Age group: The chart only focuses on the US adults. However, the article also mentions that the younger Facebook and Twitter users tend to see the services differently than their older counterparts. As a viewer, I would also want to see the statistics for the younger generation since they have a comparatively better hold on technology. Hence it makes me ponder if the article title really holds true?

Other sources: The author could have also included data regarding what other sources are people considering to catch up with the news, if not Facebook or Twitter. Hence to me the chart is not completely functional.

Aesthetics: Using bright relevant colors and a bigger font would help reach out to a larger audience. The colors being used also plays a role in engaging the viewers.

Better Design – The author could have also furnished more insights of their research by doing something like this:

http://www.journalism.org/2013/11/14/news-use-across-social-media-platforms/5_profile-of-the-social-media-news-consumer/

The above visualization released 2 years back has a similar domain and is way more descriptive as it also categorizes the audience, news sources and social networks into different classes.

Redesign –  In the below link, I have tried to redesign the visualization to present my ideas based on the data the author must have had post the research.

https://drive.google.com/a/scu.edu/file/d/0Bz_BJfR_3JJDVGhaTEJEUjM0Qm8/view?usp=sharing

Conclusion: The article does provide some very interesting insights. But the charts included did not seem to be complete and are less instructive. Working more around the charts and the visualizations would empower the audience to act in a specific direction!

References:

https://www.gooddata.com/blog/5-data-visualization-best-practices

https://www.digitalready.org.au/training/social-media/why-have-an-online-presence/the-importance-of-social-networking

 

 

Engaging audience with better graphs

http://www.dailymail.co.uk/news/article-2062634/One-American-women-medication-mental-disorder.html

While surfing on internet, I came across a news article which claimed that more number of American women were taking medication to combat mental disorders. The article also included some statistics depicting the percentage of men, women, boys and girls taking medications in 2001 vs 2010.  Later, it also quoted some famous personalities who fought some serious mental ailments.

I had the following thoughts while reading this article. (P.S This blog only talks about the first bar graph in the article – Percent of Population using Mental Health Medications)

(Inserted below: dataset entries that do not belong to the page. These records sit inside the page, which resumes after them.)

lemma var_dist_lt_if_score_le:
  fixes t :: "nat \<Rightarrow> nat \<Rightarrow> 'a::finite" and P :: "nat \<Rightarrow> 'a pmf"
  assumes "M \<ge> 2" "N > 0" "i < M" "j < M" "i \<noteq> j"
    and "score M N n t x j \<le> score M N n t x i"
    and dev_i: "\<forall>F. \<bar>emp_set N (t i) F - measure_pmf.prob (P i) F\<bar> < a"
    and dev_j: "\<forall>F. \<bar>emp_set N (t j) F - measure_pmf.prob (P j) F\<bar> < a"
    and dev_x: "\<forall>F. \<bar>emp_set n x F - measure_pmf.prob (P i) F\<bar> < c"
  shows "var_dist (P i) (P j) < 4 * a + 2 * c"
proof -
  obtain A\<^sub>i where "A\<^sub>i \<in> Acal M N t"
    and "score M N n t x i = \<bar>emp_set N (t i) A\<^sub>i - emp_set n x A\<^sub>i\<bar>"
    using score_attained[OF \<open>M \<ge> 2\<close>] .
  then have score_i: "score M N n t x i < a + c"
    using dev_i dev_x[rule_format, of A\<^sub>i] by (smt (verit))
  define B where "B = {b. pmf (P j) b \<le> pmf (P i) b}"
  obtain A where "A \<in> Acal M N t"
    and B_le: "emp_set N (t i) B - emp_set N (t j) B \<le> \<bar>emp_set N (t i) A - emp_set N (t j) A\<bar>"
    using Acal_dominates_emp_set_diff assms(2-5) .
  then have "\<bar>emp_set N (t i) A - emp_set N (t j) A\<bar> \<le> score M N n t x i + score M N n t x j"
    using abs_emp_set_diff_le_score[of A M N t] by (smt (verit))
  moreover have "var_dist (P i) (P j) = measure_pmf.prob (P i) B - measure_pmf.prob (P j) B"
    unfolding B_def by (rule var_dist_eq_prob_diff)
  ultimately show ?thesis
    using B_le score_i \<open>score M N n t x j \<le> score M N n t x i\<close>
      dev_i[rule_format, of B] dev_j[rule_format, of B] by linarith
qed

subsection \<open>Concentration of empirical measures\<close>

lemma map_pmf_indicator_eq_bernoulli:
  "map_pmf (\<lambda>a. a \<in> F) P = bernoulli_pmf (measure_pmf.prob P F)"
proof (rule pmf_eqI)
  fix b :: bool
  have "(\<lambda>a. a \<in> F) -` {False} = UNIV - F" by auto
  then show "pmf (map_pmf (\<lambda>a. a \<in> F) P) b = pmf (bernoulli_pmf (measure_pmf.prob P F)) b"
    using measure_pmf.prob_compl[of F P] by (cases b) (simp_all add: pmf_map vimage_def)
qed

lemma prob_emp_set_dev_ge:
  assumes "L > 0" and "e \<ge> 0"
  shows "measure_pmf.prob (Pi_pmf {..<L} d (\<lambda>_. P))
           {s. emp_set L s F - measure_pmf.prob P F \<ge> e} \<le> exp (- 2 * real L * e\<^sup>2)"
proof -
  let ?p = "measure_pmf.prob P F"
  let ?count = "\<lambda>s. card {k\<in>{..<L}. s k \<in> F}"
  have "binomial_pmf L ?p
      = map_pmf (\<lambda>f. card {k\<in>{..<L}. f k}) (Pi_pmf {..<L} (d \<in> F) (\<lambda>_. bernoulli_pmf ?p))"
    by (rule binomial_pmf_altdef') auto
  also have "Pi_pmf {..<L} (d \<in> F) (\<lambda>_. bernoulli_pmf ?p)
      = map_pmf (\<lambda>s. (\<lambda>a. a \<in> F) \<circ> s) (Pi_pmf {..<L} d (\<lambda>_. P))"
    unfolding map_pmf_indicator_eq_bernoulli[symmetric] by (rule Pi_pmf_map) auto
  finally have binomial: "binomial_pmf L ?p = map_pmf ?count (Pi_pmf {..<L} d (\<lambda>_. P))"
    by (simp add: pmf.map_comp o_def)
  have "{s. emp_set L s F - ?p \<ge> e} = ?count -` {k. ?p + e \<le> real k / real L}"
    unfolding emp_set_def by auto
  then have "measure_pmf.prob (Pi_pmf {..<L} d (\<lambda>_. P)) {s. emp_set L s F - ?p \<ge> e}
      = measure_pmf.prob (binomial_pmf L ?p) {k. ?p + e \<le> real k / real L}"
    by (simp add: binomial)
  also have "\<dots> \<le> exp (real_of_int (- 2 * int L) * e\<^sup>2)"
    by (rule binomial_distribution.prob_ge')
      (use assms in \<open>auto simp: binomial_distribution_def\<close>)
  finally show ?thesis by simp
qed

lemma prob_ex_emp_set_dev_ge:
  fixes P :: "'a::finite pmf"
  assumes "L > 0" and "e \<ge> 0"
  shows "measure_pmf.prob (Pi_pmf {..<L} d (\<lambda>_. P))
           {s. \<exists>F. emp_set L s F - measure_pmf.prob P F \<ge> e}
         \<le> 2 ^ CARD('a) * exp (- 2 * real L * e\<^sup>2)"
proof -
  let ?Q = "Pi_pmf {..<L} d (\<lambda>_. P)"
  have "{s. \<exists>F. emp_set L s F - measure_pmf.prob P F \<ge> e}
      = (\<Union>F\<in>UNIV. {s. emp_set L s F - measure_pmf.prob P F \<ge> e})" by auto
  then have "measure_pmf.prob ?Q {s. \<exists>F. emp_set L s F - measure_pmf.prob P F \<ge> e}
      \<le> (\<Sum>F\<in>UNIV. measure_pmf.prob ?Q {s. emp_set L s F - measure_pmf.prob P F \<ge> e})"
    by (simp add: measure_pmf.finite_measure_subadditive_finite)
  also have "\<dots> \<le> (\<Sum>F\<in>(UNIV :: 'a set set). exp (- 2 * real L * e\<^sup>2))"
    by (intro sum_mono prob_emp_set_dev_ge assms)
  also have "\<dots> = 2 ^ CARD('a) * exp (- 2 * real L * e\<^sup>2)"
    by (simp add: card_UNIV_set)
  finally show ?thesis .
qed

lemma abs_emp_set_dev_lt:
  fixes s :: "nat \<Rightarrow> 'a::finite" and Q :: "'a pmf"
  assumes "L > 0" and "\<not> (\<exists>F. emp_set L s F - measure_pmf.prob Q F \<ge> e)"
  shows "\<bar>emp_set L s F - measure_pmf.prob Q F\<bar> < e"
proof -
  have "emp_set L s G - measure_pmf.prob Q G < e" for G
    using assms(2) by (meson not_le)
  from this[of F] this[of "- F"] show ?thesis
    using emp_set_Compl[OF assms(1), of s F] measure_pmf.prob_compl[of F Q]
    by (simp add: Compl_eq_Diff_UNIV abs_less_iff)
qed

subsection \<open>Error probability of the DGL classifier\<close>

lemma map_pmf_training_joint_law:
  assumes "k < M"
  shows "map_pmf (\<lambda>p. fst p k) (joint_law M N n P i) = Pi_pmf {..<N} undefined (\<lambda>_. P k)"
proof -
  have "map_pmf (\<lambda>p. fst p k) (joint_law M N n P i)
      = map_pmf (\<lambda>t. t k) (map_pmf fst (joint_law M N n P i))"
    by (simp add: pmf.map_comp o_def)
  also have "\<dots> = Pi_pmf {..<N} undefined (\<lambda>_. P k)"
    unfolding joint_law_def map_fst_pair_pmf using assms by (subst Pi_pmf_component) auto
  finally show ?thesis .
qed

lemma map_pmf_test_joint_law:
  "map_pmf snd (joint_law M N n P i) = Pi_pmf {..<n} undefined (\<lambda>_. P i)"
  unfolding joint_law_def map_snd_pair_pmf ..

lemma misclassified_imp_deviation:
  fixes P :: "nat \<Rightarrow> 'a::finite pmf"
  assumes "M \<ge> 2" "N > 0" "n > 0" "i < M" "DGL_classifier M N n dec"
    and D: "\<And>j. j < M \<Longrightarrow> j \<noteq> i \<Longrightarrow> 4 * a + 2 * c \<le> var_dist (P i) (P j)"
    and "dec t x \<noteq> i"
  shows "(\<exists>k<M. \<exists>F. emp_set N (t k) F - measure_pmf.prob (P k) F \<ge> a)
    \<or> (\<exists>F. emp_set n x F - measure_pmf.prob (P i) F \<ge> c)"
proof (rule ccontr)
  assume "\<not> ?thesis"
  then have good_k: "\<not> (\<exists>F. emp_set N (t k) F - measure_pmf.prob (P k) F \<ge> a)" if "k < M" for k
    using that by auto
  from \<open>\<not> ?thesis\<close> have good: "\<not> (\<exists>F. emp_set n x F - measure_pmf.prob (P i) F \<ge> c)"
    by auto
  let ?j = "dec t x"
  have "?j < M" and score_le: "score M N n t x ?j \<le> score M N n t x i"
    using assms(4,5) unfolding DGL_classifier_def by auto
  have dev_t: "\<forall>F. \<bar>emp_set N (t k) F - measure_pmf.prob (P k) F\<bar> < a" if "k < M" for k
    using abs_emp_set_dev_lt[OF \<open>N > 0\<close> good_k[OF that]] by blast
  have dev_x: "\<forall>F. \<bar>emp_set n x F - measure_pmf.prob (P i) F\<bar> < c"
    using abs_emp_set_dev_lt[OF \<open>n > 0\<close> good] by blast
  have "var_dist (P i) (P ?j) < 4 * a + 2 * c"
    using var_dist_lt_if_score_le[OF assms(1,2,4) \<open>?j < M\<close> \<open>?j \<noteq> i\<close>[symmetric] score_le
        dev_t[OF assms(4)] dev_t[OF \<open>?j < M\<close>] dev_x] .
  with D[OF \<open>?j < M\<close> \<open>?j \<noteq> i\<close>] show False by linarith
qed

lemma prob_misclassified_le:
  fixes P :: "nat \<Rightarrow> 'a::finite pmf"
  assumes "M \<ge> 2" "N > 0" "n > 0" "i < M" "DGL_classifier M N n dec"
    and "a \<ge> 0" "c \<ge> 0"
    and "\<And>j. j < M \<Longrightarrow> j \<noteq> i \<Longrightarrow> 4 * a + 2 * c \<le> var_dist (P i) (P j)"
  shows "measure_pmf.prob (joint_law M N n P i) {(t, x). dec t x \<noteq> i}
     \<le> real M * (2 ^ CARD('a) * exp (- 2 * real N * a\<^sup>2)) + 2 ^ CARD('a) * exp (- 2 * real n * c\<^sup>2)"
proof -
  let ?J = "joint_law M N n P i"
  define bad where "bad s L Q e \<longleftrightarrow> (\<exists>F. emp_set L s F - measure_pmf.prob Q F \<ge> e)"
    for s :: "nat \<Rightarrow> 'a" and L Q e
  have training: "measure_pmf.prob ?J {p. bad (fst p k) N (P k) a}
      \<le> 2 ^ CARD('a) * exp (- 2 * real N * a\<^sup>2)" if "k < M" for k
    using prob_ex_emp_set_dev_ge[OF \<open>N > 0\<close> \<open>a \<ge> 0\<close>, of undefined "P k"]
    by (simp add: bad_def map_pmf_training_joint_law[OF that, where N = N and n = n and i = i, symmetric])
  have test: "measure_pmf.prob ?J {p. bad (snd p) n (P i) c}
      \<le> 2 ^ CARD('a) * exp (- 2 * real n * c\<^sup>2)"
    using prob_ex_emp_set_dev_ge[OF \<open>n > 0\<close> \<open>c \<ge> 0\<close>, of undefined "P i"]
    by (simp add: bad_def map_pmf_test_joint_law[where M = M and N = N, symmetric])
  have "{(t, x). dec t x \<noteq> i}
      \<subseteq> (\<Union>k<M. {p. bad (fst p k) N (P k) a}) \<union> {p. bad (snd p) n (P i) c}"
    using misclassified_imp_deviation[where P = P and a = a and c = c, OF assms(1-5) assms(8)]
    by (auto simp: bad_def; blast)
  then have "measure_pmf.prob ?J {(t, x). dec t x \<noteq> i}
      \<le> measure_pmf.prob ?J ((\<Union>k<M. {p. bad (fst p k) N (P k) a}) \<union> {p. bad (snd p) n (P i) c})"
    by (rule measure_pmf.finite_measure_mono) simp
  also have "\<dots> \<le> (\<Sum>k<M. measure_pmf.prob ?J {p. bad (fst p k) N (P k) a})
      + measure_pmf.prob ?J {p. bad (snd p) n (P i) c}"
    by (intro order.trans[OF measure_Un_le] add_mono
        measure_pmf.finite_measure_subadditive_finite) auto
  also have "\<dots> \<le> (\<Sum>k<M. 2 ^ CARD('a) * exp (- 2 * real N * a\<^sup>2))
      + 2 ^ CARD('a) * exp (- 2 * real n * c\<^sup>2)"
    by (intro add_mono sum_mono training test) auto
  finally show ?thesis by simp
qed

lemma prob_misclassified_le_exp:
  fixes P :: "nat \<Rightarrow> 'a::finite pmf"
  assumes "M \<ge> 2" "N > 0" "n > 0" "i < M" "DGL_classifier M N n dec" "D \<ge> 0"
    and "\<And>j. j < M \<Longrightarrow> j \<noteq> i \<Longrightarrow> D \<le> var_dist (P i) (P j)"
  defines "\<alpha> \<equiv> real N / real n"
  shows "measure_pmf.prob (joint_law M N n P i) {(t, x). dec t x \<noteq> i}
     \<le> (real M + 1) * (2 ^ CARD('a) * exp (- real n * (\<alpha> * D\<^sup>2 / (2 * (2 + sqrt \<alpha>)\<^sup>2))))"
proof -
  define r where "r = sqrt \<alpha>"
  have "r > 0" "r\<^sup>2 = \<alpha>" and n\<alpha>: "real n * \<alpha> = real N"
    using assms(2,3) by (auto simp: r_def \<alpha>_def)
  define a where "a = D / (2 * (2 + r))"
  define c where "c = r * a"
  have "a \<ge> 0" "c \<ge> 0"
    using \<open>D \<ge> 0\<close> \<open>r > 0\<close> by (auto simp: a_def c_def)
  have "4 * a + 2 * c = 2 * (2 + r) * a"
    by (simp add: c_def algebra_simps)
  also have "\<dots> = D"
    using \<open>r > 0\<close> by (simp add: a_def)
  finally have "4 * a + 2 * c = D" .
  moreover have "2 * real N * a\<^sup>2 = real n * (\<alpha> * D\<^sup>2 / (2 * (2 + r)\<^sup>2))"
    unfolding a_def power_divide power_mult_distrib n\<alpha>[symmetric] using \<open>r > 0\<close> by simp
  moreover have "2 * real n * c\<^sup>2 = 2 * real N * a\<^sup>2"
    using \<open>r\<^sup>2 = \<alpha>\<close> by (simp add: c_def power_mult_distrib n\<alpha>[symmetric])
  ultimately show ?thesis
    using prob_misclassified_le[OF assms(1-5) \<open>a \<ge> 0\<close> \<open>c \<ge> 0\<close>] assms(7)
    by (simp add: r_def algebra_simps)
qed

lemma class_error_le_uniform:
  assumes "\<forall>i<M. \<pi> i > 0" "(\<Sum>i<M. \<pi> i) = 1"
    and "\<And>i. i < M \<Longrightarrow> measure_pmf.prob (joint_law M N n P i) {(t, x). dec t x \<noteq> i} \<le> B"
  shows "class_error M N n P \<pi> dec \<le> B"
proof -
  have "class_error M N n P \<pi> dec \<le> (\<Sum>i<M. \<pi> i * B)"
    unfolding class_error_def using assms by (intro sum_mono mult_left_mono) auto
  also have "\<dots> = B"
    using assms(2) by (simp add: sum_distrib_right[symmetric])
  finally show ?thesis .
qed
text \<open>The \<open>(q-1)\<close>-th power of an element outside the roots of \<open>x^(q-1) - 1\<close> has norm 1.\<close>
lemma exists_norm_1_ne_1:
  assumes fin: "finite (UNIV :: 'a::field set)" and card: "CARD('a) = q^2" and "q \<ge> 2"
  shows "\<exists>t::'a. t^(q+1) = 1 \<and> t \<noteq> 1"
proof -
  let ?p = "monom (1::'a) (q - 1) - 1"
  have "coeff ?p (q - 1) = 1"
    using \<open>q \<ge> 2\<close> by (simp add: coeff_monom)
  then have "?p \<noteq> 0"
    by (metis coeff_0 zero_neq_one)
  moreover have "degree ?p \<le> q - 1"
    by (rule order.trans[OF degree_diff_le_max]) (simp add: degree_monom_eq)
  moreover have "{x. poly ?p x = 0} = {x. x^(q-1) = 1}"
    by (simp add: poly_monom)
  ultimately have "card {x::'a. x^(q-1) = 1} \<le> q - 1"
    using card_poly_roots_bound[of ?p] by simp
  also have "q - 1 < q^2 - 1"
  proof -
    have "q < q * q"
      using \<open>q \<ge> 2\<close> mult_strict_left_mono[of 1 q q] by simp
    then show ?thesis
      unfolding power2_eq_square using \<open>q \<ge> 2\<close> by (intro diff_less_mono) auto
  qed
  also have "q^2 - 1 = card (UNIV - {0::'a})"
    using fin card by (simp add: card_Diff_singleton)
  finally have "\<not> UNIV - {0} \<subseteq> {x::'a. x^(q-1) = 1}"
    using card_mono[OF finite_subset[OF subset_UNIV fin]] by (meson leD)
  then obtain x :: 'a where x: "x \<noteq> 0" "x^(q-1) \<noteq> 1"
    by blast
  have "(q - 1) * (q + 1) = CARD('a) - 1"
    using card \<open>q \<ge> 2\<close> by (simp add: power2_eq_square algebra_simps)
  then have "(x^(q-1))^(q+1) = 1"
    using power_card_minus_1_eq_1[OF fin x(1)] by (simp only: power_mult[symmetric])
  with x(2) show ?thesis
    by blast
qed

lemma card_quadratic_roots_le_2:
  fixes a b c :: "'a::field"
  assumes "\<not> (a = 0 \<and> b = 0 \<and> c = 0)"
  shows "finite {t. a*t^2 + c*t + b = 0} \<and> card {t. a*t^2 + c*t + b = 0} \<le> 2"
proof -
  let ?p = "[:b, c, a:]"
  have nz: "?p \<noteq> 0"
    using assms by auto
  have "degree ?p \<le> 2"
    by auto
  moreover have "{t. a*t^2 + c*t + b = 0} = {t. poly ?p t = 0}"
    by (simp add: algebra_simps power2_eq_square)
  ultimately show ?thesis
    using poly_roots_finite[OF nz] card_poly_roots_bound[OF nz] by auto
qed

lemma card_char_2_roots_le_1:
  fixes a b :: "'a::field"
  assumes "(2::'a) = 0" "\<not> (a = 0 \<and> b = 0)"
  shows "card {t. a*t^2 + b = 0} \<le> 1"
proof -
  have "t1 = t2" if "a*t1^2 + b = 0" "a*t2^2 + b = 0" for t1 t2
  proof -
    have "a \<noteq> 0"
      using that assms(2) by auto
    moreover have "a*t1^2 = -b" "a*t2^2 = -b"
      using that by (simp_all add: eq_neg_iff_add_eq_0)
    ultimately have "t1^2 = t2^2"
      using mult_left_cancel by metis
    with assms(1) show ?thesis
      by (simp add: char_2_power2_eq_iff)
  qed
  moreover have "finite {t. a*t^2 + b = 0}"
    using card_quadratic_roots_le_2[of a b 0] assms(2) by simp
  ultimately show ?thesis
    by (simp add: card_le_Suc0_iff_eq)
qed

section \<open>Irreducibility and cones\<close>

lemma Qcoef_simps:
  "Qcoef a b c d e f 0 0 = f" "Qcoef a b c d e f 1 1 = a" "Qcoef a b c d e f 2 2 = b"
  "Qcoef a b c d e f 3 3 = 0" "Qcoef a b c d e f 0 1 = d" "Qcoef a b c d e f 1 0 = d"
  "Qcoef a b c d e f 0 2 = e" "Qcoef a b c d e f 2 0 = e" "Qcoef a b c d e f 0 3 = -1"
  "Qcoef a b c d e f 3 0 = -1" "Qcoef a b c d e f 1 2 = c" "Qcoef a b c d e f 2 1 = c"
  "Qcoef a b c d e f 1 3 = 0" "Qcoef a b c d e f 3 1 = 0" "Qcoef a b c d e f 2 3 = 0"
  "Qcoef a b c d e f 3 2 = 0"
  by (simp_all add: Qcoef_def doubleton_eq_iff)
lemma has_integral_beta_weight_tail_polynomial:
  assumes "\<theta> > 0"
  shows "((\<lambda>x. beta_weight \<theta> x * (a * (1 - x) - b * (1 - x) ^ (n + 2) - c * (1 - x) ^ (n + 1) - e * x * (1 - x) ^ (n + 1)))
           has_integral (a / 2 - b * psi \<theta> (n + 2) 0 - c * psi \<theta> (n + 1) 0 - e * psi \<theta> (n + 2) 1) * Beta \<theta> \<theta>) {0..1}"
proof -
  have "((\<lambda>x. beta_weight \<theta> x * (a * (x ^ 0 * (1 - x) ^ (1 - 0))) - beta_weight \<theta> x * (b * (x ^ 0 * (1 - x) ^ (n + 2 - 0)))
             - beta_weight \<theta> x * (c * (x ^ 0 * (1 - x) ^ (n + 1 - 0))) - beta_weight \<theta> x * (e * (x ^ 1 * (1 - x) ^ (n + 2 - 1))))
          has_integral a * psi \<theta> 1 0 * Beta \<theta> \<theta> - b * psi \<theta> (n + 2) 0 * Beta \<theta> \<theta>
             - c * psi \<theta> (n + 1) 0 * Beta \<theta> \<theta> - e * psi \<theta> (n + 2) 1 * Beta \<theta> \<theta>) {0..1}"
    using assms by (intro has_integral_diff has_integral_beta_weight_monomial) auto
  then show ?thesis
    by (rule has_integral_eq_rhs[OF has_integral_eq[rotated]])
       (simp_all add: psi_1_0[OF assms] right_diff_distrib left_diff_distrib mult_ac)
qed

lemma F_snowdrift_lower_bound:
  fixes n :: nat
  assumes "\<theta> > 0"
  defines "d \<equiv> real (Suc n)"
  shows "(sbc - mc - \<bar>sc2\<bar> / d) / 2 - (sbc - mc) * psi \<theta> (n + 2) 0 - \<bar>sbc\<bar> * psi \<theta> (n + 1) 0
           - (\<bar>mb\<bar> + \<bar>sb2\<bar>) * d * psi \<theta> (n + 2) 1
         \<le> d * F_snowdrift \<theta> mb mc sb2 sc2 sbc (Suc n)"
proof -
  let ?B = "Beta \<theta> \<theta>"
  have F: "((\<lambda>x. beta_weight \<theta> x * (d * F_integrand n (sd_muC mb mc) (sd_muD mb) (sd_sCC sb2 sc2 sbc) (sd_sCD sb2 sbc) (sd_sDD sb2) x))
             has_integral d * F_snowdrift \<theta> mb mc sb2 sc2 sbc (Suc n) * ?B) {0..1}"
    using has_integral_mult_right[OF has_integral_F_gen[OF assms(1)], of d]
    by (simp add: F_snowdrift_def mult_ac)
  have "((sbc - mc - \<bar>sc2\<bar> / d) / 2 - (sbc - mc) * psi \<theta> (n + 2) 0 - \<bar>sbc\<bar> * psi \<theta> (n + 1) 0
           - (\<bar>mb\<bar> + \<bar>sb2\<bar>) * d * psi \<theta> (n + 2) 1) * ?B
        \<le> d * F_snowdrift \<theta> mb mc sb2 sc2 sbc (Suc n) * ?B"
    using mult_left_mono[OF F_integrand_snowdrift_ge beta_weight_nonneg] unfolding d_def
    by (intro has_integral_le[OF has_integral_beta_weight_tail_polynomial[OF assms(1)] F[unfolded d_def]]) auto
  moreover have "?B > 0"
    using assms(1) by (simp add: Beta_def)
  ultimately show ?thesis
    by (rule mult_right_le_imp_le)
qed

lemma F_snowdrift_lower_bound_psi_0:
  fixes n :: nat
  assumes "\<theta> > 0" "mc \<le> sbc"
  defines "d \<equiv> real (Suc n)"
  shows "(sbc - mc - \<bar>sc2\<bar> / d) / 2 - (sbc - mc + \<bar>sbc\<bar> + (\<bar>mb\<bar> + \<bar>sb2\<bar>) * \<theta>) * psi \<theta> (Suc n) 0
         \<le> d * F_snowdrift \<theta> mb mc sb2 sc2 sbc (Suc n)"
proof -
  have psi: "0 \<le> psi \<theta> (Suc n) 0"
    using psi_0_pos[OF assms(1)] less_imp_le by blast
  have "psi \<theta> (n + 2) 0 = psi \<theta> (Suc n) 0 * ((\<theta> + real (Suc n)) / (2 * \<theta> + real (Suc n)))"
    using psi_Suc_0[of \<theta> "Suc n"] by simp
  also have "\<dots> \<le> psi \<theta> (Suc n) 0 * 1"
    using assms(1) psi by (intro mult_left_mono) auto
  finally have "(sbc - mc) * psi \<theta> (n + 2) 0 \<le> (sbc - mc) * psi \<theta> (Suc n) 0"
    using assms(2) by (intro mult_left_mono) auto
  moreover have "d * psi \<theta> (n + 2) 1 \<le> \<theta> * psi \<theta> (Suc n) 0"
  proof -
    have "d * psi \<theta> (n + 2) 1 = psi \<theta> (Suc n) 0 * (\<theta> * (d / (2 * \<theta> + d)))"
      using psi_Suc_1[of \<theta> "Suc n"] by (simp add: d_def)
    also have "\<dots> \<le> psi \<theta> (Suc n) 0 * (\<theta> * 1)"
      using assms(1) psi by (intro mult_left_mono) (auto simp: d_def)
    finally show ?thesis
      by (simp add: mult.commute)
  qed
  then have "(\<bar>mb\<bar> + \<bar>sb2\<bar>) * d * psi \<theta> (n + 2) 1 \<le> (\<bar>mb\<bar> + \<bar>sb2\<bar>) * \<theta> * psi \<theta> (Suc n) 0"
    by (simp add: mult.assoc mult_left_mono)
  moreover have "(sbc - mc + \<bar>sbc\<bar> + (\<bar>mb\<bar> + \<bar>sb2\<bar>) * \<theta>) * psi \<theta> (Suc n) 0
      = (sbc - mc) * psi \<theta> (Suc n) 0 + \<bar>sbc\<bar> * psi \<theta> (n + 1) 0 + (\<bar>mb\<bar> + \<bar>sb2\<bar>) * \<theta> * psi \<theta> (Suc n) 0"
    by (simp add: algebra_simps)
  ultimately show ?thesis
    using F_snowdrift_lower_bound[OF assms(1), of sbc mc sc2 n mb sb2, folded d_def] by linarith
qed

  • It would have been more engaging if the data was time-sequenced from 2001 to 2010. Seeing the change in the numbers from 2001 through 2010 gives me a deeper understanding of the situation.
  • I really liked the way in which they segregated the data into four categories – men, women, girls and boys. But having said that, just by looking at the graph, I cannot interpret the age groups being considered to form those divisions. For e.g. what category would a female who is 23 years in age fall into? It would have made more sense to me, if the X axis also incorporated this information below each of those labels.
  • The bars being labelled with numbers helps in understanding the percent increase/decrease in one glance. However, this makes the Y axis and the guidelines redundant. Besides, the colors being used are too dull to catch any attention. Using bright colors and a bigger font would help reach out to a larger audience. As we learnt in the class, putting in 3D effects don’t really help in conveying a message apart from making the graph look hodgepodge.
  • The correct placement of the legend also has its role to play for the readers to quickly learn what the visualization is about. Thus, having the legend placed at the top right corner where there is sufficient space would have been appropriate.
  • Lastly, incorporating some additional data perhaps the occupation, relationship status, would also help readers gauge the causes of increase in number of people and especially women, moving towards medication due to mental illness.

While it’s clear that the article focuses on a serious subject, the graphs included did not seem to be very intuitive and informative to me. Applying better visualization techniques would have been more effective in proving their point!